A: I can’t imagine the FTC would start down this road and issue nearly 2,000 notices and not test this authority. I expect that many of these notices were precursors to Part 2 investigations, which are currently underway. My guess is that they are carefully considering their targets right now, looking for the lowest hanging fruit. Whoever that may be, they will not be without available defenses. We would expect these companies to allege a lack of due process. FTC case decisions are not written like a rule, and facts are contested and often complex. One would expect subsequent defendants to distinguish the underlying case – some dating back to the 1940s! — and claim that it did not give them adequate notice that their activity was also unlawful.
Also, keep in mind that, unlike 13(b) actions, which the FTC can bring on its own, it will have to persuade DOJ to bring civil penalty cases. And as we know, there is not always agreement between the FTC and DOJ.
In practical terms, however, these notices likely have their greatest value in consent negotiations. The FTC will dangle the sword of the synopses and astronomical penalties ($43,280 for every time a false or deceptive claim is made) over everyone who received the notice and whose claims vaguely resemble the generic nuggets the Commission delivered. But I do think that we can expect that these efforts could generate more Hopkins and AMG-like decisions if the Commission attempts to press its position in the courts.
Q: Many consumer protection lawyers also speculated that the FTC would increase coordination with state attorneys general. Has this happened?

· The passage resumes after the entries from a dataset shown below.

(* Let $\{Z_t\}$ be random vectors in $\mathcal{Z}$, $\mathcal{M}$ a class of Borel functions $\mathcal{Z}\to\mathbb{R}$, $\ell:\mathcal{Z}\times\mathbb{R}\to\mathbb{R}$ Borel with $\ell(Z_t,f(Z_t))$ integrable, $\ell_t(f):=\ell(Z_t,f(Z_t))$, $Q_n(f)=\frac1n\sum_{t=1}^n\ell_t(f)$, $f_0\in\mathcal{M}$ with $E[Q_n(f_0)]\le E[Q_n(f)]$ for all $f\in\mathcal{M}$, $d_n$ a (semi-)metric on $\mathcal{M}$, $\mathcal{G}_n\subseteq\mathcal{M}$, and $\{\epsilon_n\}$ a positive sequence. Assume: (a.1) there is non-stochastic $f^*_n\in\mathcal{G}_n$ with $d_n(f_n^*,f_0)\le\epsilon_n$ for all $n$; (a.2) there are $C_1,C_2>0$ such that $C_1d_n(f,f_0)^2\le E[Q_n(f)]-E[Q_n(f_0)]\le C_2d_n(f,f_0)^2$ for all $n$ and $f\in\mathcal{G}_n$; (a.3)(iii) there are Borel $m_n:\mathcal{Z}\to[0,\infty)$, positive numbers $b_n$ and a constant $C_3>0$ with $\sup\{E[|\ell_t(f)|\mathbb{1}\{m_n(Z_t)\ge b_n\}]:f\in\mathcal{G}_n,t\in\{1,\dots,n\}\}\le C_3\epsilon_n^2$. For some $c\ge2$ let $\mathcal{H}_n\subset\mathcal{G}_n$ be such that $c\epsilon_n\le d_n(f,f_n^* )$ for each $n$ and all $f\in\mathcal{H}_n$. Then for every $n\in\mathbb{N}$, writing $\mathbb{1}_{nt}=\mathbb{1}\{m_n(Z_t)<b_n\}$, $$\sup_{f\in\mathcal{H}_n}\frac1n\sum_{t=1}^n[\ell_t(f_n^* )-\ell_t(f)]\mathbb{1}_{nt}\le\sup_{f\in\mathcal{H}_n}\frac1n\sum_{t=1}^n\Big\{[\ell_t(f_n^* )-\ell_t(f)]\mathbb{1}_{nt}-E\big[(\ell_t(f_n^* )-\ell_t(f))\mathbb{1}_{nt}\big]\Big\}-\big(C_1c^2/4-C_2-2C_3\big)\epsilon_n^2.$$ *)

theory Defs
  imports "HOL-Probability.Probability"
begin

definition loss :: "(nat \<Rightarrow> 'w \<Rightarrow> 'z) \<Rightarrow> ('z \<Rightarrow> real \<Rightarrow> real) \<Rightarrow> nat \<Rightarrow> ('z \<Rightarrow> real) \<Rightarrow> 'w \<Rightarrow> real"
  where "loss Z l t f \<omega> = l (Z t \<omega>) (f (Z t \<omega>))"

definition Qn :: "(nat \<Rightarrow> 'w \<Rightarrow> 'z) \<Rightarrow> ('z \<Rightarrow> real \<Rightarrow> real) \<Rightarrow> nat \<Rightarrow> ('z \<Rightarrow> real) \<Rightarrow> 'w \<Rightarrow> real"
  where "Qn Z l n f \<omega> = (1 / real n) * (\<Sum>t = 1..n. loss Z l t f \<omega>)"

definition EQn :: "'w measure \<Rightarrow> (nat \<Rightarrow> 'w \<Rightarrow> 'z) \<Rightarrow> ('z \<Rightarrow> real \<Rightarrow> real) \<Rightarrow> nat \<Rightarrow> ('z \<Rightarrow> real) \<Rightarrow> real"
  where "EQn M Z l n f = (\<integral>\<omega>. Qn Z l n f \<omega> \<partial>M)"

definition semimetric_on :: "'a set \<Rightarrow> ('a \<Rightarrow> 'a \<Rightarrow> real) \<Rightarrow> bool"
  where "semimetric_on S d \<longleftrightarrow>
    (\<forall>x\<in>S. d x x = 0) \<and>
    (\<forall>x\<in>S. \<forall>y\<in>S. d x y \<ge> 0 \<and> d x y = d y x) \<and>
    (\<forall>x\<in>S. \<forall>y\<in>S. \<forall>z\<in>S. d x z \<le> d x y + d y z)"

end

theory Submission
  imports Defs
begin

text \<open>
  Restricting to the event \<open>m\<^sub>n(Z\<^sub>t) < b\<^sub>n\<close> changes the expected gain of \<open>f\<^sup>*\<^sub>n\<close> over \<open>f\<close>
  by at most two tail integrals, each bounded by \<open>C\<^sub>3 \<epsilon>\<^sub>n\<^sup>2\<close> by (a.3).
  The untruncated gain \<open>E Q\<^sub>n(f\<^sup>*\<^sub>n) - E Q\<^sub>n(f)\<close> is at most \<open>C\<^sub>2 \<epsilon>\<^sub>n\<^sup>2 - C\<^sub>1 (c \<epsilon>\<^sub>n / 2)\<^sup>2\<close> by (a.2),
  because the triangle inequality and (a.1) give \<open>d\<^sub>n(f, f\<^sub>0) \<ge> c \<epsilon>\<^sub>n - \<epsilon>\<^sub>n \<ge> c \<epsilon>\<^sub>n / 2\<close>.
  So the truncated expected gain is at most \<open>-(C\<^sub>1 c\<^sup>2/4 - C\<^sub>2 - 2 C\<^sub>3) \<epsilon>\<^sub>n\<^sup>2\<close> for every
  \<open>f \<in> H\<^sub>n\<close>, so subtracting it inside the supremum raises every term by at least that amount.
\<close>

lemma integrable_mult_indicator_pred:
  fixes g :: "'a \<Rightarrow> real"
  assumes "integrable M g" and "Measurable.pred M P"
  shows "integrable M (\<lambda>\<omega>. g \<omega> * indicator {\<omega>. P \<omega>} \<omega>)"
proof (rule Bochner_Integration.integrable_bound[OF assms(1)])
  have [measurable]: "g \<in> borel_measurable M"
    using assms(1) by (rule borel_measurable_integrable)
  show "(\<lambda>\<omega>. g \<omega> * indicator {\<omega>. P \<omega>} \<omega>) \<in> borel_measurable M"
    using assms(2) by measurable
qed (auto split: split_indicator)

lemma integral_diff_mult_indicator_le:
  fixes a g :: "'a \<Rightarrow> real"
  assumes a: "integrable M a" and g: "integrable M g" and P: "Measurable.pred M P"
  shows "(\<integral>\<omega>. (a \<omega> - g \<omega>) * indicator {\<omega>. P \<omega>} \<omega> \<partial>M)
    \<le> (\<integral>\<omega>. a \<omega> \<partial>M) - (\<integral>\<omega>. g \<omega> \<partial>M)
       + (\<integral>\<omega>. \<bar>a \<omega>\<bar> * indicator {\<omega>. \<not> P \<omega>} \<omega> \<partial>M)
       + (\<integral>\<omega>. \<bar>g \<omega>\<bar> * indicator {\<omega>. \<not> P \<omega>} \<omega> \<partial>M)"
proof -
  have notP: "Measurable.pred M (\<lambda>\<omega>. \<not> P \<omega>)"
    using P by measurable
  have ia: "integrable M (\<lambda>\<omega>. \<bar>a \<omega>\<bar> * indicator {\<omega>. \<not> P \<omega>} \<omega>)"
    and ig: "integrable M (\<lambda>\<omega>. \<bar>g \<omega>\<bar> * indicator {\<omega>. \<not> P \<omega>} \<omega>)"
    using a g notP by (auto intro: integrable_mult_indicator_pred)
  have "(\<integral>\<omega>. (a \<omega> - g \<omega>) * indicator {\<omega>. P \<omega>} \<omega> \<partial>M)
      \<le> (\<integral>\<omega>. (a \<omega> - g \<omega>) + \<bar>a \<omega>\<bar> * indicator {\<omega>. \<not> P \<omega>} \<omega>
                + \<bar>g \<omega>\<bar> * indicator {\<omega>. \<not> P \<omega>} \<omega> \<partial>M)"
    using a g ia ig P
    by (intro integral_mono integrable_mult_indicator_pred) (auto split: split_indicator)
  also have "\<dots> = (\<integral>\<omega>. a \<omega> \<partial>M) - (\<integral>\<omega>. g \<omega> \<partial>M)
       + (\<integral>\<omega>. \<bar>a \<omega>\<bar> * indicator {\<omega>. \<not> P \<omega>} \<omega> \<partial>M)
       + (\<integral>\<omega>. \<bar>g \<omega>\<bar> * indicator {\<omega>. \<not> P \<omega>} \<omega> \<partial>M)"
    using a g ia ig by simp
  finally show ?thesis .
qed

lemma average_integral_diff_mult_indicator_le:
  fixes a g :: "nat \<Rightarrow> 'a \<Rightarrow> real"
  assumes a: "\<And>t. t \<in> {1..n} \<Longrightarrow> integrable M (a t)"
    and g: "\<And>t. t \<in> {1..n} \<Longrightarrow> integrable M (g t)"
    and P: "\<And>t. Measurable.pred M (P t)"
    and a_tail: "\<And>t. t \<in> {1..n} \<Longrightarrow> (\<integral>\<omega>. \<bar>a t \<omega>\<bar> * indicator {\<omega>. \<not> P t \<omega>} \<omega> \<partial>M) \<le> \<delta>"
    and g_tail: "\<And>t. t \<in> {1..n} \<Longrightarrow> (\<integral>\<omega>. \<bar>g t \<omega>\<bar> * indicator {\<omega>. \<not> P t \<omega>} \<omega> \<partial>M) \<le> \<delta>"
    and n: "n \<ge> 1"
  shows "(1 / real n) * (\<Sum>t = 1..n. \<integral>\<omega>. (a t \<omega> - g t \<omega>) * indicator {\<omega>. P t \<omega>} \<omega> \<partial>M)
    \<le> (1 / real n) * (\<Sum>t = 1..n. \<integral>\<omega>. a t \<omega> \<partial>M) - (1 / real n) * (\<Sum>t = 1..n. \<integral>\<omega>. g t \<omega> \<partial>M)
       + 2 * \<delta>"
proof -
  have "(1 / real n) * (\<Sum>t = 1..n. \<integral>\<omega>. (a t \<omega> - g t \<omega>) * indicator {\<omega>. P t \<omega>} \<omega> \<partial>M)
      \<le> (1 / real n) * (\<Sum>t = 1..n. (\<integral>\<omega>. a t \<omega> \<partial>M) - (\<integral>\<omega>. g t \<omega> \<partial>M) + 2 * \<delta>)"
  proof (intro mult_left_mono sum_mono)
    fix t assume t: "t \<in> {1..n}"
    show "(\<integral>\<omega>. (a t \<omega> - g t \<omega>) * indicator {\<omega>. P t \<omega>} \<omega> \<partial>M)
        \<le> (\<integral>\<omega>. a t \<omega> \<partial>M) - (\<integral>\<omega>. g t \<omega> \<partial>M) + 2 * \<delta>"
      using integral_diff_mult_indicator_le[OF a[OF t] g[OF t] P[of t]] a_tail[OF t] g_tail[OF t]
      by linarith
  qed simp
  also have "\<dots> = (1 / real n) * (\<Sum>t = 1..n. \<integral>\<omega>. a t \<omega> \<partial>M)
      - (1 / real n) * (\<Sum>t = 1..n. \<integral>\<omega>. g t \<omega> \<partial>M) + 2 * \<delta>"
    using n by (simp add: sum.distrib sum_subtractf field_simps)
  finally show ?thesis .
qed

lemma EQn_eq_average_integral:
  assumes "\<And>t. t \<in> {1..n} \<Longrightarrow> integrable M (loss Z l t f)"
  shows "EQn M Z l n f = (1 / real n) * (\<Sum>t = 1..n. \<integral>\<omega>. loss Z l t f \<omega> \<partial>M)"
  unfolding EQn_def Qn_def using assms by (simp add: integral_sum)

lemma semimetric_on_diff_le:
  assumes "semimetric_on S d" and "x \<in> S" "y \<in> S" "z \<in> S"
  shows "d x z - d z y \<le> d x y"
  using assms unfolding semimetric_on_def by (metis diff_le_eq add.commute)

lemma excess_risk_gap_le:
  fixes R :: "'a \<Rightarrow> real"
  assumes d: "semimetric_on S d" and S: "f \<in> S" "f\<^sub>s \<in> S" "f\<^sub>0 \<in> S"
    and lower: "C\<^sub>1 * (d f f\<^sub>0)\<^sup>2 \<le> R f - R f\<^sub>0" and upper: "R f\<^sub>s - R f\<^sub>0 \<le> C\<^sub>2 * (d f\<^sub>s f\<^sub>0)\<^sup>2"
    and C: "0 \<le> C\<^sub>1" "0 \<le> C\<^sub>2"
    and close: "d f\<^sub>s f\<^sub>0 \<le> \<epsilon>" and far: "c * \<epsilon> \<le> d f f\<^sub>s" and c: "2 \<le> c"
  shows "R f\<^sub>s - R f \<le> (C\<^sub>2 - C\<^sub>1 * c\<^sup>2 / 4) * \<epsilon>\<^sup>2"
proof -
  have d_nonneg: "0 \<le> d f\<^sub>s f\<^sub>0"
    using d S unfolding semimetric_on_def by blast
  have "c * \<epsilon> / 2 \<le> c * \<epsilon> - \<epsilon>"
    using mult_right_mono[OF c, of \<epsilon>] close d_nonneg by linarith
  also have "\<dots> \<le> d f f\<^sub>0"
    using semimetric_on_diff_le[OF d S(1,3,2)] far close by linarith
  finally have "(c * \<epsilon> / 2)\<^sup>2 \<le> (d f f\<^sub>0)\<^sup>2"
    using c close d_nonneg by (intro power_mono) auto
  moreover have "(d f\<^sub>s f\<^sub>0)\<^sup>2 \<le> \<epsilon>\<^sup>2"
    using close d_nonneg by (intro power_mono) auto
  ultimately have "C\<^sub>2 * (d f\<^sub>s f\<^sub>0)\<^sup>2 - C\<^sub>1 * (d f f\<^sub>0)\<^sup>2 \<le> C\<^sub>2 * \<epsilon>\<^sup>2 - C\<^sub>1 * (c * \<epsilon> / 2)\<^sup>2"
    using C by (intro diff_mono mult_left_mono) auto
  then show ?thesis
    using lower upper by (simp add: power_mult_distrib field_simps)
qed

lemma SUP_ereal_le_SUP_minus:
  assumes "\<And>x. x \<in> A \<Longrightarrow> u x \<le> v x - K"
  shows "(SUP x\<in>A. ereal (u x)) \<le> (SUP x\<in>A. ereal (v x)) - ereal K"
proof (rule SUP_least)
  fix x assume "x \<in> A"
  then have "ereal (u x) \<le> ereal (v x) - ereal K"
    using assms by simp
  also have "\<dots> \<le> (SUP x\<in>A. ereal (v x)) - ereal K"
    using \<open>x \<in> A\<close> by (intro ereal_minus_mono SUP_upper) simp_all
  finally show "ereal (u x) \<le> (SUP x\<in>A. ereal (v x)) - ereal K" .
qed

theorem lemmaC1:
  fixes M :: "'w measure" and N :: "'z measure"
    and Z :: "nat \<Rightarrow> 'w \<Rightarrow> 'z"
    and Mc :: "('z \<Rightarrow> real) set"
    and l :: "'z \<Rightarrow> real \<Rightarrow> real"
    and f0 :: "'z \<Rightarrow> real"
    and d :: "nat \<Rightarrow> ('z \<Rightarrow> real) \<Rightarrow> ('z \<Rightarrow> real) \<Rightarrow> real"
    and G H :: "nat \<Rightarrow> ('z \<Rightarrow> real) set"
    and eps :: "nat \<Rightarrow> real"
    and fstar :: "nat \<Rightarrow> 'z \<Rightarrow> real"
    and m :: "nat \<Rightarrow> 'z \<Rightarrow> real"
    and b :: "nat \<Rightarrow> real"
    and C1 C2 C3 c :: real
    and n :: nat
  assumes "prob_space M"
    and Z_meas: "\<And>t. Z t \<in> measurable M N"
    and Mc_borel: "Mc \<subseteq> borel_measurable N"
    and l_borel: "(\<lambda>(z, y). l z y) \<in> borel_measurable (N \<Otimes>\<^sub>M borel)"
    and l_int: "\<And>t f. f \<in> Mc \<Longrightarrow> integrable M (loss Z l t f)"
    and f0: "f0 \<in> Mc"
    and f0_min: "\<And>k f. k \<ge> 1 \<Longrightarrow> f \<in> Mc \<Longrightarrow> EQn M Z l k f0 \<le> EQn M Z l k f"
    and d_semi: "\<And>k. semimetric_on Mc (d k)"
    and G_sub: "\<And>k. G k \<subseteq> Mc"
    and eps_pos: "\<And>k. eps k > 0"
    and a1: "\<And>k. fstar k \<in> G k \<and> d k (fstar k) f0 \<le> eps k"
    and C1: "C1 > 0" and C2: "C2 > 0"
    and a2: "\<And>k f. k \<ge> 1 \<Longrightarrow> f \<in> G k \<Longrightarrow>
               C1 * (d k f f0)\<^sup>2 \<le> EQn M Z l k f - EQn M Z l k f0 \<and>
               EQn M Z l k f - EQn M Z l k f0 \<le> C2 * (d k f f0)\<^sup>2"
    and m_meas: "\<And>k. m k \<in> borel_measurable N"
    and m_nonneg: "\<And>k z. m k z \<ge> 0"
    and b_pos: "\<And>k. b k > 0"
    and C3: "C3 > 0"
    and a3: "\<And>k f t. k \<ge> 1 \<Longrightarrow> f \<in> G k \<Longrightarrow> t \<in> {1..k} \<Longrightarrow>
               (\<integral>\<omega>. \<bar>loss Z l t f \<omega>\<bar> * indicator {\<omega>. m k (Z t \<omega>) \<ge> b k} \<omega> \<partial>M)
                 \<le> C3 * (eps k)\<^sup>2"
    and c: "c \<ge> 2"
    and H_sub: "\<And>k. H k \<subseteq> G k"
    and H_far: "\<And>k f. f \<in> H k \<Longrightarrow> c * eps k \<le> d k f (fstar k)"
    and n: "n \<ge> 1"
  shows "\<forall>\<omega>\<in>space M.
    (SUP f\<in>H n. ereal ((1 / real n) * (\<Sum>t = 1..n.
        (loss Z l t (fstar n) \<omega> - loss Z l t f \<omega>) * indicator {\<omega>. m n (Z t \<omega>) < b n} \<omega>)))
    \<le> (SUP f\<in>H n. ereal ((1 / real n) * (\<Sum>t = 1..n.
        (loss Z l t (fstar n) \<omega> - loss Z l t f \<omega>) * indicator {\<omega>. m n (Z t \<omega>) < b n} \<omega>
        - (\<integral>\<omega>'. (loss Z l t (fstar n) \<omega>' - loss Z l t f \<omega>') * indicator {\<omega>'. m n (Z t \<omega>') < b n} \<omega>' \<partial>M))))
      - ereal ((C1 * c\<^sup>2 / 4 - C2 - 2 * C3) * (eps n)\<^sup>2)"
proof -
  define K where "K = (C1 * c\<^sup>2 / 4 - C2 - 2 * C3) * (eps n)\<^sup>2"
  define P where "P t \<omega> \<longleftrightarrow> m n (Z t \<omega>) < b n" for t \<omega>
  have fstar: "fstar n \<in> G n" "d n (fstar n) f0 \<le> eps n"
    using a1 by blast+
  have P_meas: "Measurable.pred M (P t)" for t
    using Z_meas m_meas unfolding P_def by measurable
  have expected_gain: "(1 / real n) * (\<Sum>t = 1..n.
      \<integral>\<omega>. (loss Z l t (fstar n) \<omega> - loss Z l t f \<omega>) * indicator {\<omega>. P t \<omega>} \<omega> \<partial>M) \<le> - K"
    if "f \<in> H n" for f
  proof -
    have f: "f \<in> G n" "f \<in> Mc" and fstar_Mc: "fstar n \<in> Mc"
      using that H_sub G_sub fstar by blast+
    have "(1 / real n) * (\<Sum>t = 1..n.
        \<integral>\<omega>. (loss Z l t (fstar n) \<omega> - loss Z l t f \<omega>) * indicator {\<omega>. P t \<omega>} \<omega> \<partial>M)
      \<le> EQn M Z l n (fstar n) - EQn M Z l n f + 2 * (C3 * (eps n)\<^sup>2)"
      unfolding EQn_eq_average_integral[OF l_int[OF fstar_Mc]]
        EQn_eq_average_integral[OF l_int[OF f(2)]]
      using a3[OF n fstar(1)] a3[OF n f(1)] fstar_Mc f n
      by (intro average_integral_diff_mult_indicator_le[where a = "\<lambda>t. loss Z l t (fstar n)"
          and g = "\<lambda>t. loss Z l t f"] l_int P_meas) (auto simp: P_def not_less)
    also have "\<dots> \<le> - K"
      using excess_risk_gap_le[where R = "EQn M Z l n", OF d_semi[of n] f(2) fstar_Mc f0
          conjunct1[OF a2[OF n f(1)]] conjunct2[OF a2[OF n fstar(1)]]
          less_imp_le[OF C1] less_imp_le[OF C2] fstar(2) H_far[OF that] c]
      unfolding K_def by (simp add: algebra_simps)
    finally show ?thesis .
  qed
  show ?thesis
    using expected_gain unfolding P_def K_def sum_subtractf right_diff_distrib
    by (intro ballI SUP_ereal_le_SUP_minus) (smt (verit))
qed

end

A: We saw this in Frontier, where the Commission filed a complaint in California federal court along with Attorneys General from six states. That did not work out too well, at least in terms of FTC/multi-state cooperation, as the claims made by five states other than California based on pendent jurisdiction were dismissed. It now appears that that case is headed for settlement. In mid-March, the court entered an order to continue the case pending the Commission’s review of a proposed settlement.
Q: Final thoughts?
A: There is an expression, understood to have originated as a Chinese curse, “may you live in interesting times.” Well, from the perspective of FTC enforcement, we are doing just that.